The waking dream supposes it is dreamed
by the tourist in the truck bed watching lions
who regard her, themselves wakened when she screamed.
She wrecked the truck attempting to read signs
in Chinese symbols warning, ‘Do not stop.’
The no-doors truck’s a nightmare; it won’t start.
With lions approaching, she climbs the truck’s top
which is not half as high as how her heart
is trying to ascend, with her left here
to face lionhearted felines down alone.
The waiting dream assists her: Paul Revere
provides a silver lining to dethrone
the kings of beasts. It’s catnip. Lions cheer
as Paul and Pauline gallop out of here.

(29th poem for 2014 November Poem A Day challenge)

Bug is the New Thanksgiving Turkey

The turkey that lurked in the lee of the lemonade stand
through the hum of the summer, and most of the autumn, till now,
appears on my plate, and surprised — existentially here.
I’ve had a lot on my plate, but a livid, live turkey’s absurd.
Should not slaughter, dissection, and plucking precede being served
like a badminton cock, or a locker-room sock that has swerved
through the air with a flare lit to guide it. I guess I digress.
I open my eyes. Tom Turkey stands still on my plate
and for his conviction that we should, like he does, eat bugs
to stay lean, and less mean, and friendlier to our friends the birds.
He flies off and leaves me with crickets, ants, mealworms and beans.

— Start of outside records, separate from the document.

(* Let $p$ be a prime and let $A=\mathbb{Z}/(p^{\alpha_1})\times\cdots\times\mathbb{Z}/(p^{\alpha_m})$ for integers $1\le\alpha_1\le\cdots\le\alpha_m$. Then for every automorphism $M\in\operatorname{Aut}(A)$ whose order is a power of $p$, there exists a group endomorphism $N$ of $A$ such that $(M-\operatorname{Id})^m=pN$.
   Context: Here $M-\operatorname{Id}$ is the endomorphism $a\mapsto M(a)-a$ of the abelian group $A$, powers denote composition, and $pN$ is the endomorphism $a\mapsto pN(a)$. *)

theory Defs
  imports "HOL-Algebra.Group" "HOL-Computational_Algebra.Primes"
begin

text \<open>The abelian group Z/(p^alpha_0) x ... x Z/(p^alpha_(m-1)), with elements
  represented as integer sequences whose i-th entry lies in 0 ..< p^(alpha i) for i < m
  and is 0 for i >= m; the operation is componentwise addition modulo p^(alpha i).
  It is written multiplicatively as an HOL-Algebra monoid record.\<close>

definition cyc_prod :: "nat \<Rightarrow> (nat \<Rightarrow> nat) \<Rightarrow> nat \<Rightarrow> (nat \<Rightarrow> int) monoid" where
  "cyc_prod p \<alpha> m =
     \<lparr> carrier = {a. (\<forall>i<m. 0 \<le> a i \<and> a i < int p ^ \<alpha> i) \<and> (\<forall>i\<ge>m. a i = 0)},
       monoid.mult = (\<lambda>a b i. if i < m then (a i + b i) mod (int p ^ \<alpha> i) else 0),
       one = (\<lambda>i. 0) \<rparr>"

end

theory Submission
  imports Defs "HOL-Computational_Algebra.Polynomial" "HOL-Algebra.Coset"
begin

Some People Are Just as Bad as They Can Be – Example nr. X

He believes in his heart and in other uninhabited regions
(his hoof and his haunch, and, true to the cliché, his head)
it’s ordained that his gang (he prefers people call them his legions)
should invade the next country and make all his neighbours there dead.
Except those he’s seeded. He’s planned this invasion for years.
His discontent with his own life prevents him from valuing theirs,
the lives of his neighbours. Convinced the Apocalypse nears
(in dreams he keeps private for now), he dissembles and wears
his uniform well, with its medals for bloodshed and sorrow.
He smiles at his neighbours and tells himself, ‘They’re dead tomorrow.’

Mad Mackie’s Elevenses

‘I shall want chocolate biscuits served with hot white coffee.’
(I have been out half the morning harrowing snakes
with ‘adoring combs’. (That’s what the French maid calls them.
(The upstairs maid (‘adoring’ should be ‘Darwin’.
(I’m speaking parenthetically because
it’s Thursday up on Pluto which as a child I did adore.
Since it’s no planet now, adieu, no more.))))
‘The badger’s back. I see it in the garden.’
‘No, milord,’ the butler sighs. ‘A mole.’
I’m out of my depth. I debit depth perception.
I credit Cyril (the butler) with a win.
We are painting politicians’ faces on clay pigeons
for a garden party I have plans to give.